— Assignment —
The answer should be an exact repeat of the stretch of material below from the line containing "section \<open>The multiplication" through the line containing "case (Cons a xs)".

— Raw data —
lemma lin_gam: "lin P (gam P)"
  using Kmod by (simp add: is_Kmod_def)
lemma gam_gam[simp]: "gam P (gam P u) = u"
  using Kmod unfolding is_Kmod_def by blast
lemma lin_Tm: "i \<in> {1..m} \<Longrightarrow> lin P (Tm P i)"
  using Kmod unfolding is_Kmod_def by blast
lemma lin_Dt: "i \<in> {1..m} \<Longrightarrow> lin P (Dt P i)"
  using Kmod unfolding is_Kmod_def by blast
lemma lin_Ti: "L \<Longrightarrow> i \<in> {1..m} \<Longrightarrow> lin P (Ti P i)"
  using Kmod unfolding is_Kmod_def by blast
lemma lin_Xi: "j \<in> {1..n} \<Longrightarrow> lin P (Xi P j)"
  using Kmod unfolding is_Kmod_def by blast
lemma lin_Dx: "j \<in> {1..n} \<Longrightarrow> lin P (Dx P j)"
  using Kmod unfolding is_Kmod_def by blast
lemma gam_Tm: "i \<in> {1..m} \<Longrightarrow> gam P (Tm P i u) = Tm P i (gam P u)"
  using Kmod unfolding is_Kmod_def by blast
lemma gam_Dt: "i \<in> {1..m} \<Longrightarrow> gam P (Dt P i u) = Dt P i (gam P u)"
  using Kmod unfolding is_Kmod_def by blast
lemma gam_Xi: "j \<in> {1..n} \<Longrightarrow> gam P (Xi P j u) = - Xi P j (gam P u)"
  using Kmod unfolding is_Kmod_def by blast
lemma gam_Dx: "j \<in> {1..n} \<Longrightarrow> gam P (Dx P j u) = - Dx P j (gam P u)"
  using Kmod unfolding is_Kmod_def by blast
lemma Dt_Dt: "i \<in> {1..m} \<Longrightarrow> k \<in> {1..m} \<Longrightarrow> Dt P i (Dt P k u) = Dt P k (Dt P i u)"
  using Kmod unfolding is_Kmod_def by blast
lemma Dt_Tm:
  assumes "i \<in> {1..m}" "k \<in> {1..m}"
  shows "Dt P i (Tm P k u) = Tm P k (Dt P i u) + (if i = k then u else 0)"
proof -
  have "Dt P i (Tm P k u) - Tm P k (Dt P i u) = (if i = k then u else 0)"
    using Kmod assms unfolding is_Kmod_def by blast
  then show ?thesis by (simp add: algebra_simps)
qed
lemma Dx_Dx: "j \<in> {1..n} \<Longrightarrow> l \<in> {1..n} \<Longrightarrow> Dx P j (Dx P l u) = - Dx P l (Dx P j u)"
  using Kmod unfolding is_Kmod_def by blast
lemma Dx_Xi:
  assumes "j \<in> {1..n}" "l \<in> {1..n}"
  shows "Dx P j (Xi P l u) = - Xi P l (Dx P j u) + (if j = l then u else 0)"
proof -
  have "Dx P j (Xi P l u) + Xi P l (Dx P j u) = (if j = l then u else 0)"
    using Kmod assms unfolding is_Kmod_def by blast
  then show ?thesis by (simp add: algebra_simps)
qed
lemma Tm_Dx: "i \<in> {1..m} \<Longrightarrow> j \<in> {1..n} \<Longrightarrow> Tm P i (Dx P j u) = Dx P j (Tm P i u)"
  using Kmod unfolding is_Kmod_def by blast
lemma Dt_Xi: "i \<in> {1..m} \<Longrightarrow> j \<in> {1..n} \<Longrightarrow> Dt P i (Xi P j u) = Xi P j (Dt P i u)"
  using Kmod unfolding is_Kmod_def by blast
lemma Dt_Dx: "i \<in> {1..m} \<Longrightarrow> j \<in> {1..n} \<Longrightarrow> Dt P i (Dx P j u) = Dx P j (Dt P i u)"
  using Kmod unfolding is_Kmod_def by blast
lemma Ti_Tm: "L \<Longrightarrow> i \<in> {1..m} \<Longrightarrow> Ti P i (Tm P i u) = u"
  using Kmod unfolding is_Kmod_def by blast
lemma Tm_Ti: "L \<Longrightarrow> i \<in> {1..m} \<Longrightarrow> Tm P i (Ti P i u) = u"
  using Kmod unfolding is_Kmod_def by blast
lemma commute_Ti:
  assumes "L" "i \<in> {1..m}" "\<And>v. X (Tm P i v) = Tm P i (X v)"
  shows "X (Ti P i v) = Ti P i (X v)"
proof -
  have "X (Ti P i v) = Ti P i (Tm P i (X (Ti P i v)))" using Ti_Tm assms by simp
  also have "\<dots> = Ti P i (X (Tm P i (Ti P i v)))" using assms by simp
  also have "\<dots> = Ti P i (X v)" using Tm_Ti assms by simp
  finally show ?thesis .
qed

lemma Dt_Ti:
  assumes "L" "i \<in> {1..m}"
  shows "Dt P i (Ti P i v) = Ti P i (Dt P i v) - Ti P i (Ti P i v)"
proof -
  define y where "y = Ti P i v"
  have v: "v = Tm P i y" using Tm_Ti assms y_def by simp
  have "Dt P i v = Tm P i (Dt P i y) + y" using Dt_Tm[OF assms(2) assms(2)] v by simp
  hence "Ti P i (Dt P i v) = Dt P i y + Ti P i y"
    using lin_add[OF lin_Ti[OF assms]] Ti_Tm[OF assms] by simp
  thus ?thesis unfolding y_def by (simp add: algebra_simps)
qed

section \<open>The multiplication operators t^\<alpha> \<xi>_I\<close>

definition admissible :: "(nat \<Rightarrow> int) \<Rightarrow> bool" where
  "admissible \<alpha> \<longleftrightarrow> (\<not> L \<longrightarrow> (\<forall>k. 0 \<le> \<alpha> k))"

definition tfac :: "(nat \<Rightarrow> int) \<Rightarrow> nat \<Rightarrow> 'p \<Rightarrow> 'p" where
  "tfac \<alpha> i = (if 0 \<le> \<alpha> i then Tm P i ^^ nat (\<alpha> i) else Ti P i ^^ nat (- \<alpha> i))"

(* tpow is the product of the tfac over [1..<m+1]; allowing arbitrary lists makes it amenable to
   induction. *)
definition tfacs :: "(nat \<Rightarrow> int) \<Rightarrow> nat list \<Rightarrow> 'p \<Rightarrow> 'p" where
  "tfacs \<alpha> xs = foldr (\<lambda>i f. tfac \<alpha> i \<circ> f) xs id"

lemma tfacs_simps[simp]: "tfacs \<alpha> [] v = v" "tfacs \<alpha> (a # xs) v = tfac \<alpha> a (tfacs \<alpha> xs v)"
  by (simp_all add: tfacs_def)

lemma tpow_tfacs: "tpow P m \<alpha> = tfacs \<alpha> [1..<m+1]"
  by (simp add: tpow_def tfacs_def tfac_def)

lemma lin_tfac: "admissible \<alpha> \<Longrightarrow> i \<in> {1..m} \<Longrightarrow> lin P (tfac \<alpha> i)"
  by (auto simp: tfac_def admissible_def intro!: lin_funpow lin_Tm lin_Ti)

lemma lin_tfacs: "admissible \<alpha> \<Longrightarrow> set xs \<subseteq> {1..m} \<Longrightarrow> lin P (tfacs \<alpha> xs)"
proof (induct xs)
  case Nil then show ?case using lin_id by (simp add: id_def[symmetric] tfacs_def)
next
  case (Cons a xs)
  have eq: "tfacs \<alpha> (a # xs) = tfac \<alpha> a \<circ> tfacs \<alpha> xs" by (rule ext) simp
  have "lin P (tfac \<alpha> a)" using Cons lin_tfac by auto
  moreover have "lin P (tfacs \<alpha> xs)" using Cons by auto
  ultimately have "lin P (tfac \<alpha> a \<circ> tfacs \<alpha> xs)" by (rule lin_comp)
  then show ?case unfolding eq .
qed

lemma commute_tfac:
  assumes "admissible \<alpha>" "i \<in> {1..m}" "\<And>v. X (Tm P i v) = Tm P i (X v)"
  shows "X (tfac \<alpha> i v) = tfac \<alpha> i (X v)"
proof (cases "0 \<le> \<alpha> i")
  case True then show ?thesis using assms by (simp add: tfac_def commute_funpow)
next
  case False
  then have L using assms by (auto simp: admissible_def)
  then have "\<And>v. X (Ti P i v) = Ti P i (X v)" using commute_Ti assms by blast
  then show ?thesis using False by (simp add: tfac_def commute_funpow)
qed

— Solution to the problem —
section \<open>The multiplication operators t^\<alpha> \<xi>_I\<close>

definition admissible :: "(nat \<Rightarrow> int) \<Rightarrow> bool" where
  "admissible \<alpha> \<longleftrightarrow> (\<not> L \<longrightarrow> (\<forall>k. 0 \<le> \<alpha> k))"

definition tfac :: "(nat \<Rightarrow> int) \<Rightarrow> nat \<Rightarrow> 'p \<Rightarrow> 'p" where
  "tfac \<alpha> i = (if 0 \<le> \<alpha> i then Tm P i ^^ nat (\<alpha> i) else Ti P i ^^ nat (- \<alpha> i))"

(* tpow is the product of the tfac over [1..<m+1]; allowing arbitrary lists makes it amenable to
   induction. *)
definition tfacs :: "(nat \<Rightarrow> int) \<Rightarrow> nat list \<Rightarrow> 'p \<Rightarrow> 'p" where
  "tfacs \<alpha> xs = foldr (\<lambda>i f. tfac \<alpha> i \<circ> f) xs id"

lemma tfacs_simps[simp]: "tfacs \<alpha> [] v = v" "tfacs \<alpha> (a # xs) v = tfac \<alpha> a (tfacs \<alpha> xs v)"
  by (simp_all add: tfacs_def)

lemma tpow_tfacs: "tpow P m \<alpha> = tfacs \<alpha> [1..<m+1]"
  by (simp add: tpow_def tfacs_def tfac_def)

lemma lin_tfac: "admissible \<alpha> \<Longrightarrow> i \<in> {1..m} \<Longrightarrow> lin P (tfac \<alpha> i)"
  by (auto simp: tfac_def admissible_def intro!: lin_funpow lin_Tm lin_Ti)

lemma lin_tfacs: "admissible \<alpha> \<Longrightarrow> set xs \<subseteq> {1..m} \<Longrightarrow> lin P (tfacs \<alpha> xs)"
proof (induct xs)
  case Nil then show ?case using lin_id by (simp add: id_def[symmetric] tfacs_def)
next
  case (Cons a xs)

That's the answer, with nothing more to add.